Haste should be avoided. It is wrong and quite condescending on the part of some Jordanian analysts to oversimplify the gesture and to read in the Gulf leaders’ step a panic call for security assistance and to expect instant substantial economic benefits in return. It is also wrong and ill-advised to prepare for plucking the fruits even before the tree has been planted. This trend should be discouraged in favour of a more sober and dignified approach that would allow the process to mature naturally and correctly.
The last thing to be allowed at this very initial stage should be to reduce this grand project to a straightforward mechanical exchange of short-term urgent benefits, rather than a major potential step towards the long cherished Arab aspiration for total unification.
Even if the Gulf leaders’ decision had been to accept Jordan’s membership right away, prolonged negotiations to set the terms, which already apply to current members, would have taken years. Time would also be needed for prospective new members to adjust to the regional organisation’s circumstances.
Jordanians should indeed look forward towards the day when they become permanent members of the Gulf council. This will open vast economic opportunities for both sides, and it will also enlarge the space for movement of people and goods. It would activate mutually desired cultural and human interaction of peoples who naturally belong to the same mother nation.
Why should there be border restrictions for tens of thousands of holidaymakers who head northto spend the summer months in Jordan or further on in Syria and Lebanon? And why should the desire of the people of the northern countries to move south for pilgrimage, exploration or tourism be restricted by complex visa processes and border delays?
If Arab countries have now started to realise the value of togetherness, we should try to make the best out of this historic opportunity. We should see the European example as the right model for gradual unification. It took Europe over half a century to reach the advanced stage of unification it witnesses today, and the process is still far from complete.
We, in the Arab world, have more in common than Europeans do. The barriers that have been separating us could not hold the strong trends of people to interactively communicate nor their eagerness for linkage. The trend is against barriers and we should start to prepare for a fast globalised, borderless world community. We need also to comprehend the meaning of the Gulf offer that, apparently, is not limited to Jordan but includes distant Morocco as well. One hopes the circulating explanation that the offer is deliberately made to monarchies is incorrect. The last we need is to divide the Arab world into monarchies and others. Such approach would make of the Gulf offer a divisive rather than a constructive step towards more unification.
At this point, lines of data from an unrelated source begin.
lemma value_near_center:
  assumes t: "\<bar>t - t0\<bar> \<le> r" and y: "\<bar>y\<bar> \<le> r"
  shows "\<bar>g (t, \<xi>0 + y) - a * ((t - t0) + y\<^sup>2 / 2)\<bar>
    \<le> 2 * L * ((t - t0)\<^sup>2 + \<bar>t - t0\<bar> * \<bar>y\<bar> + \<bar>y\<bar> ^ 3)"
proof -
  define T Y where "T = \<bar>t - t0\<bar>" and "Y = \<bar>y\<bar>"
  have TY: "0 \<le> T" "0 \<le> Y" "Y \<le> 1" "y\<^sup>2 = Y\<^sup>2" "(t - t0)\<^sup>2 = T\<^sup>2"
    using y r_le_1 by (auto simp: T_def Y_def)
  have "g (t, \<xi>0 + y) - a * ((t - t0) + y\<^sup>2 / 2) =
      (g (t, \<xi>0 + y) - g (t, \<xi>0) - pd False g (t, \<xi>0) * y - a / 2 * y\<^sup>2)
      + (g (t, \<xi>0) - a * (t - t0)) + pd False g (t, \<xi>0) * y"
    by (simp add: algebra_simps)
  moreover have "\<bar>pd False g (t, \<xi>0) * y\<bar> \<le> L * T * Y"
    using space_derivative_on_center_line[OF t] TY by (simp add: T_def Y_def abs_mult mult_right_mono)
  ultimately have "\<bar>g (t, \<xi>0 + y) - a * ((t - t0) + y\<^sup>2 / 2)\<bar>
      \<le> L * (Y + T) / 2 * Y\<^sup>2 + L / 2 * T\<^sup>2 + L * T * Y"
    using space_Taylor[OF t y] value_on_center_line[OF t] unfolding T_def[symmetric] Y_def[symmetric] TY
    by linarith
  also have "\<dots> = L / 2 * Y ^ 3 + L / 2 * (T * Y\<^sup>2) + L / 2 * T\<^sup>2 + L * (T * Y)"
    by (simp add: algebra_simps power2_eq_square power3_eq_cube)
  also have "\<dots> \<le> 2 * L * (T\<^sup>2 + T * Y + Y ^ 3)"
  proof -
    have "L * (T * Y\<^sup>2) \<le> L * (T * Y)"
      using TY L_nonneg by (intro mult_left_mono) (auto simp: power2_eq_square mult_left_le)
    moreover have "0 \<le> L * T\<^sup>2" "0 \<le> L * Y ^ 3" "0 \<le> L * (T * Y)"
      using TY L_nonneg by auto
    ultimately show ?thesis
      by (simp add: algebra_simps)
  qed
  finally show ?thesis
    unfolding T_def Y_def by simp
qed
When the Gulf Cooperation Council was created three decades ago, there were serious concerns that the step would weaken, even undo, the Arab League. Such concerns were further enhanced by the creation, the following years, of two more Arab regional groupings. One was the Arab Cooperation Council made up of Egypt, Iraq, Jordan and Yemen, which quickly fell apart with the Iraqi invasion of Kuwait in 1990. The other was the Maghreb Cooperation Council, which barely exists in theory.
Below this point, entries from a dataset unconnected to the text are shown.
lemma exists_fp_rel_error:
  assumes "1 \<le> p"
  shows "\<exists>g. is_fp p g \<and> \<bar>x - g\<bar> \<le> \<bar>x\<bar> / (2 ^ p + 1)"
proof -
  have pos: "\<exists>g. is_fp p g \<and> \<bar>x - g\<bar> \<le> x / (2 ^ p + 1)" if "x > 0" for x :: real
  proof -
    obtain E :: int where E: "2 ^ (p - 1) * 2 powr E \<le> x" "x < 2 ^ p * 2 powr E"
      using exists_binade[OF \<open>x > 0\<close> assms] by blast
    define P :: real where "P = 2 powr E"
    define V :: real where "V = 2 ^ (p - 1)"
    have "P > 0" "V > 0" unfolding P_def V_def by simp_all
    have "(2::real) ^ p = 2 * V"
      unfolding V_def using assms by (simp flip: power_Suc)
    show ?thesis
    proof (cases "(V + 1/2) * P \<le> x")
      case True
      have "\<bar>x\<bar> \<le> 2 powr (E + int p)"
        using E(2) \<open>x > 0\<close> by (simp add: powr_add powr_realpow mult.commute)
      then obtain g where "is_fp p g" "\<bar>x - g\<bar> \<le> P / 2"
        using exists_fp_abs_error[OF assms] unfolding P_def by (fastforce simp: powr_diff)
      moreover have "P / 2 \<le> x / (2 ^ p + 1)"
        using True \<open>(2::real) ^ p = 2 * V\<close> \<open>V > 0\<close> by (simp add: field_simps)
      ultimately show ?thesis by (blast intro: order_trans)
    next
      case False
      have "is_fp p (V * P)"
        using is_fp_scaled_int[OF assms, of "2 ^ (p - 1)" E] unfolding V_def P_def by simp
      have "V * (2 * x) \<le> V * (P * (2 * V + 1))"
        using False \<open>V > 0\<close> by (intro mult_left_mono) (simp_all add: algebra_simps)
      then have "(x - V * P) * (2 ^ p + 1) \<le> x"
        using \<open>(2::real) ^ p = 2 * V\<close> by (simp add: algebra_simps)
      moreover have "V * P \<le> x"
        using E(1) unfolding V_def P_def .
      ultimately have "\<bar>x - V * P\<bar> \<le> x / (2 ^ p + 1)"
        by (simp add: pos_le_divide_eq add_pos_pos)
      with \<open>is_fp p (V * P)\<close> show ?thesis by blast
    qed
  qed
  consider "x > 0" | "x = 0" | "x < 0" by linarith
  then show ?thesis
  proof cases
    case 1
    then show ?thesis using pos by auto
  next
    case 2
    then show ?thesis using is_fp_0 by auto
  next
    case 3
    then obtain g where "is_fp p g" "\<bar>- x - g\<bar> \<le> - x / (2 ^ p + 1)"
      using pos[of "- x"] by auto
    then show ?thesis
      using 3 by (intro exI[of _ "- g"]) (simp add: abs_minus_commute)
  qed
qed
While it may make some sense for the countries that are geographically connected to seek unification as an initial phase within a larger scheme towards total unity, it sounds unrealistic to ignore geography and compatibility.
Apparently, it was not only Jordanians that were taken by surprise by the Gulf leaders’ offer; Gulf countries and peoples were stunned as well.
The controversy is fast picking up and so is the debate. Even before the envisaged formal negotiations have the chance to start, manifestations of discontent are apparent in some Gulf countries.
The road ahead looks long and bumpy. The end result is by no means certain. It may be tempting to be optimistic at a very promising prospect, and yet it may be wise to match optimism with some caution.